После нескольких дней спокойной сытой жизни Алиса немного успокоилась, перестала с заполошным лаем кидаться к двери на всякие посторонние шорохи, доказывая свою особую пользу для новой семьи. С потертых диванов ее не прогоняли, а к девочкам она быстро привыкла.
Но Вендетта… Никак Алиса понять ее не могла. Нет, чтобы вместе пообдирать обои со стен или разгрызть на пару поношенный Зинин сапог… Вендетта даже мячик отказалась отнимать у Алисы. Зато она беспрерывно играла с девочками в Барби. Алиса от скуки зевала на подоконнике, наблюдая эту ежедневную суету в детской, принимать участие в которой ей было зазорно. У каждой из этих дурочек была своя худая куколка с развитой грудью и длинными, как макароны, ножками. У Барби Вендетты ножки были слегка покусаны, это Алиса понимала, ее вообще всю трясло от желания немедленно перегрызть всех этих Барби. Она не могла понять, как такая достойная с виду собака, как Вендетта, укладывает свою Барби в кроватку, помогает катить колясочку, и млеет, распустив нюни, когда девочки переодевают всех Барби к обеду, напялив на голову Вендетты огромный вязанный берет. «Ой, посмотрите, кто к нам пришел! Это же тетушка Вендетта!» Нет, Алисе такие пластиковые сосиськи совершенно не нравились, ей больше импонировали целлулоидные голыши. Вот это настоящие куклы, толстые, как Зина.
— Ты бы хоть, Зинаида, о детях подумала! Такую заразу в доме развела! Ну, черт с ней, с Вендеттой, пускай живет… Но вот эту пакость ты зачем еще притащила? Ее хозяева выгнали, так надо было усыпить тут же, не отходя от кассы!
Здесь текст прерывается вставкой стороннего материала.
section \<open>One local step of a client\<close>

(* f, F, rho and L stand for f_i, its gradient, rho^-_4tau(i) and the mean of the
   rho^+_4tau(i, j). *)
locale sparse_objective =
  fixes A :: "nat \<Rightarrow> 'a::euclidean_space" and d \<tau> :: nat
    and f :: "'a \<Rightarrow> real" and F :: "'a \<Rightarrow> 'a" and \<rho> L :: real
  assumes dim: "4 * \<tau> \<le> d"
    and gradient: "(f has_derivative (\<lambda>h. F y \<bullet> h)) (at y)"
    and restricted_convexity: "sparse_wrt A d (4 * \<tau>) (y - z) \<Longrightarrow>
      \<rho> / 2 * (norm (y - z))\<^sup>2 \<le> f y - f z - F z \<bullet> (y - z)"
    and restricted_lipschitz: "sparse_wrt A d (4 * \<tau>) (y - z) \<Longrightarrow>
      norm (F y - F z) \<le> L * norm (y - z)"
    and convexity_pos: "0 < \<rho>"
begin

lemma convexity_le_lipschitz:
  assumes lip: "\<And>y z. sparse_wrt A d s (y - z) \<Longrightarrow> norm (F y - F z) \<le> L' * norm (y - z)"
    and s: "s \<le> 4 * \<tau>" and v: "sparse_wrt A d s v" "v \<noteq> 0"
  shows "\<rho> \<le> L'"
proof (rule strong_convexity_le_lipschitz[where f = f and F = F and y = v and z = 0])
  have "sparse_wrt A d (4 * \<tau>) v" "sparse_wrt A d (4 * \<tau>) (- v)"
    using sparse_wrt_mono[OF v(1) s] sparse_wrt_mono[OF sparse_wrt_uminus[OF v(1)] s] .
  then show "\<rho> / 2 * (norm (v - 0))\<^sup>2 \<le> f v - f 0 - F 0 \<bullet> (v - 0)"
    and "\<rho> / 2 * (norm (0 - v))\<^sup>2 \<le> f 0 - f v - F v \<bullet> (0 - v)"
    using restricted_convexity[of v 0] restricted_convexity[of 0 v] by simp_all
  show "norm (F v - F 0) \<le> L' * norm (v - 0)"
    using lip[of v 0] v(1) by simp
qed (use v(2) in simp)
Мама Зина, опустив голову, прижималась к косяку. Бабушку волновать было нельзя, у нее все время было высокое давление, лучше было молчать, для всеобщей пользы, объясняла Алисе младшая Катя. Папа вот не молчал, и где теперь он? Ау! Алиса и сама понимала, что защитить маму Зину от бабушки нельзя, это всем дороже выйдет, поэтому она от бабушки забивалась под диван, где у нее была спрятана куриная косточка и кусочек сухой картофельной ватрушки.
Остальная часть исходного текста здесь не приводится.